Approaching the true hazards of app sprawl
Per the definition furnished by Techopedia, app sprawl is simply described as “the growth of an IT system to include more applications and to use more resources overall.” As you might guess, the second part of that phrase is where the potential for trouble emerges. We’ve established that the number of apps developers can devise is all but infinite, but for many different organisations, the tech resources essential to keep all of those apps up and running at optimal levels of efficiency is most certainly not limitless.
App sprawl can be majorly detrimental to an organisation, by wasting money and other resources.
Excessive CPU and memory usage across multiple machines throughout a business’s overall network are the most likely adverse consequences of app sprawl. This is particularly probable if virtual machines are not being used to streamline all of the data flow resulting from each of the different apps a business has developed and set into action. If VMs are drawing their computing resources from a centralised server, having a surfeit of apps will not necessarily be that much of an issue, but in plenty of cases, apps aren’t using that sort of efficient wellspring. The consequence of that is, almost inevitably, a far greater use of man-hours and resources than what would have resulted from the deployment of an efficient business application development platform.
Lost time and money
Taking the time to develop a broad spectrum of proprietary apps is wasteful — for the organisation and all of its employees, directly or indirectly. Arguably, more than anyone else, it wastes developers’ time — especially if an organisation becomes overzealous in its creation of new business process management tools.

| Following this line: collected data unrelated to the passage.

(* Let $N\ge 2$, $d\ge1$. Let $\bar{\mathscr L}\in\mathbb{R}^{N\times N}$ be a real symmetric matrix with zero row sums whose eigenvalues are $0$ (simple) and $\gamma$ with multiplicity $N-1$. Let $\mathscr B\in\mathbb{R}^{N\times N}$ be symmetric with all row sums equal to $e$. Let $\epsilon,\lambda,d^{[1]}\in\mathbb{R}$, let $t\mapsto \mathbf x_s(t),\mathbf y_s(t)\in\mathbb{R}^d$ be given, and let $F_1,F_2:\mathbb{R}^d\to\mathbb{R}^d$, $G^{[1]},G^{[2]},H_1,H_2:\mathbb{R}^d\times\mathbb{R}^d\to\mathbb{R}^d$ be continuously differentiable. Write $J$ (resp. $D$) for the Jacobian with respect to the first (resp. second) argument, all evaluated along $(\mathbf x_s,\mathbf x_s)$, $(\mathbf y_s,\mathbf y_s)$, $(\mathbf x_s,\mathbf y_s)$ or $(\mathbf y_s,\mathbf x_s)$ as appropriate. Consider the linear system for $\delta\bar{\mathbf x},\delta\bar{\mathbf y}\in\mathbb{R}^{Nd}$: $$\delta\dot{\bar{\mathbf x}}=\big[I_N\otimes\big(JF_1(\mathbf x_s)+\epsilon d^{[1]}(JG^{[1]}(\mathbf x_s,\mathbf x_s)+DG^{[1]}(\mathbf x_s,\mathbf x_s))+\lambda e\,JH_1(\mathbf x_s,\mathbf y_s)\big)-\epsilon\,\bar{\mathscr L}\otimes DG^{[1]}(\mathbf x_s,\mathbf x_s)\big]\delta\bar{\mathbf x}+\lambda\,(\mathscr B\otimes DH_1(\mathbf x_s,\mathbf y_s))\,\delta\bar{\mathbf y},$$ $$\delta\dot{\bar{\mathbf y}}=\big[I_N\otimes\big(JF_2(\mathbf y_s)+\epsilon d^{[1]}(JG^{[2]}(\mathbf y_s,\mathbf y_s)+DG^{[2]}(\mathbf y_s,\mathbf y_s))+\lambda e\,JH_2(\mathbf y_s,\mathbf x_s)\big)-\epsilon\,\bar{\mathscr L}\otimes DG^{[2]}(\mathbf y_s,\mathbf y_s)\big]\delta\bar{\mathbf y}+\lambda\,(\mathscr B\otimes DH_2(\mathbf y_s,\mathbf x_s))\,\delta\bar{\mathbf x}.$$ Let $e,\Gamma_2,\dots,\Gamma_N$ be the eigenvalues of $\mathscr B$, where $e$ corresponds to the eigenvector $\mathbf 1=(1,\dots,1)^{tr}$. Then there is an orthogonal matrix $V\in\mathbb{R}^{N\times N}$ with first column $\mathbf 1/\sqrt N$ such that, writing $\eta^{(\bar{\mathbf x})}=(V\otimes I_d)^{tr}\delta\bar{\mathbf x}$ and $\eta^{(\bar{\mathbf y})}=(V\otimes I_d)^{tr}\delta\bar{\mathbf y}$ with $d$-dimensional blocks $\eta^{(\bar{\mathbf x})}_{i},\eta^{(\bar{\mathbf y})}_{i}$, $i=1,\dots,N$, each pair $(\eta^{(\bar{\mathbf x})}_{i},\eta^{(\bar{\mathbf y})}_{i})$ for $i=2,\dots,N$ satisfies the closed $2d$-dimensional system $$\dot\eta^{(\bar{\mathbf x})}_{i}=\big[JF_1(\mathbf x_s)+\epsilon d^{[1]}(JG^{[1]}+DG^{[1]})(\mathbf x_s,\mathbf x_s)-\epsilon\gamma\,DG^{[1]}(\mathbf x_s,\mathbf x_s)+\lambda e\,JH_1(\mathbf x_s,\mathbf y_s)\big]\eta^{(\bar{\mathbf x})}_{i}+\lambda\Gamma_i\,DH_1(\mathbf x_s,\mathbf y_s)\eta^{(\bar{\mathbf y})}_{i},$$ $$\dot\eta^{(\bar{\mathbf y})}_{i}=\big[JF_2(\mathbf y_s)+\epsilon d^{[1]}(JG^{[2]}+DG^{[2]})(\mathbf y_s,\mathbf y_s)-\epsilon\gamma\,DG^{[2]}(\mathbf y_s,\mathbf y_s)+\lambda e\,JH_2(\mathbf y_s,\mathbf x_s)\big]\eta^{(\bar{\mathbf y})}_{i}+\lambda\Gamma_i\,DH_2(\mathbf y_s,\mathbf x_s)\eta^{(\bar{\mathbf x})}_{i},$$ i.e. the $2d(N-1)$-dimensional transverse error system decouples into $N-1$ independent $2d$-dimensional linear systems.
   Context: This is the linearization, about an intralayer synchronous solution $(\mathbf x_s,\mathbf y_s)$, of a two-layer network with a single intralayer connection type (tier), with time-averaged intralayer Laplacian $\bar{\mathscr L}$ (identical in both layers), common interlayer adjacency $\mathscr B^{[1]}=\mathscr B^{[2]}=\mathscr B$ with constant interlayer degree $e$, constant intralayer degree $d^{[1]}$, intralayer coupling strength $\epsilon$ and interlayer coupling strength $\lambda$. The pair $(\eta^{(\bar{\mathbf x})}_1,\eta^{(\bar{\mathbf y})}_1)$ describes the mode parallel to the synchronization manifold, and the pairs with $i\ge2$ the transverse modes. *)

theory Defs
  imports "HOL-Analysis.Analysis"
begin

text \<open>Kronecker product of matrices; vectors in R^(N d) are indexed by pairs (i,k),
  i the node index (block), k the coordinate inside the d-dimensional block.\<close>
definition kron :: "real^'n^'m \<Rightarrow> real^'q^'p \<Rightarrow> real^('n \<times> 'q)^('m \<times> 'p)" where
  "kron A B = (\<chi> ik. \<chi> jl. A $ fst ik $ fst jl * B $ snd ik $ snd jl)"

definition blk :: "real^('n::finite \<times> 'd::finite) \<Rightarrow> 'n \<Rightarrow> real^'d" where
  "blk z i = (\<chi> k. z $ (i, k))"

definition C1_map :: "('a::real_normed_vector \<Rightarrow> 'b::real_normed_vector) \<Rightarrow> bool" where
  "C1_map f \<longleftrightarrow> (\<exists>f'. (\<forall>x. (f has_derivative blinfun_apply (f' x)) (at x)) \<and> continuous_on UNIV f')"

Custom app development can create costs ranging between $100,000 and $500,000 — or more — per application. Additionally, after factoring in the salaries for development staff, support and all other IT personnel, as well as incidentals like utilities, the cost of excessive app creation can reach ‘astronomically high’.
To add insult to injury, research has revealed that some CIOs and other C-suite stakeholders aren’t even aware of the resource output: A 2016 study by the Ponemon Institute found that 69% of respondents weren’t even aware of all the apps and databases currently active in their networks. One might not think of it as such on the surface, but these points clearly identify just how much of a money pit and resource dump custom app development can become when the process goes unchecked and overboard.
Methods of managing app sprawl
The simplest way of reducing this type of sprawl is to eliminate superfluous apps from a company’s network, and in some cases, that’s all that needs to be done. But if it was always that easy a matter to handle, app overpopulation wouldn’t be a problem of such magnitude.
But what about the possibility of evading sprawl and all other app development hazards? It’s not a pipe dream by any means — rather, it’s the advantage that an app development platform provides. By uniting app creation on a single app development platform, businesses can achieve complete control of their app ecosystems with efficiency and ease, as well as the assurance of functionality and flexibility across multiple channels, including mobile.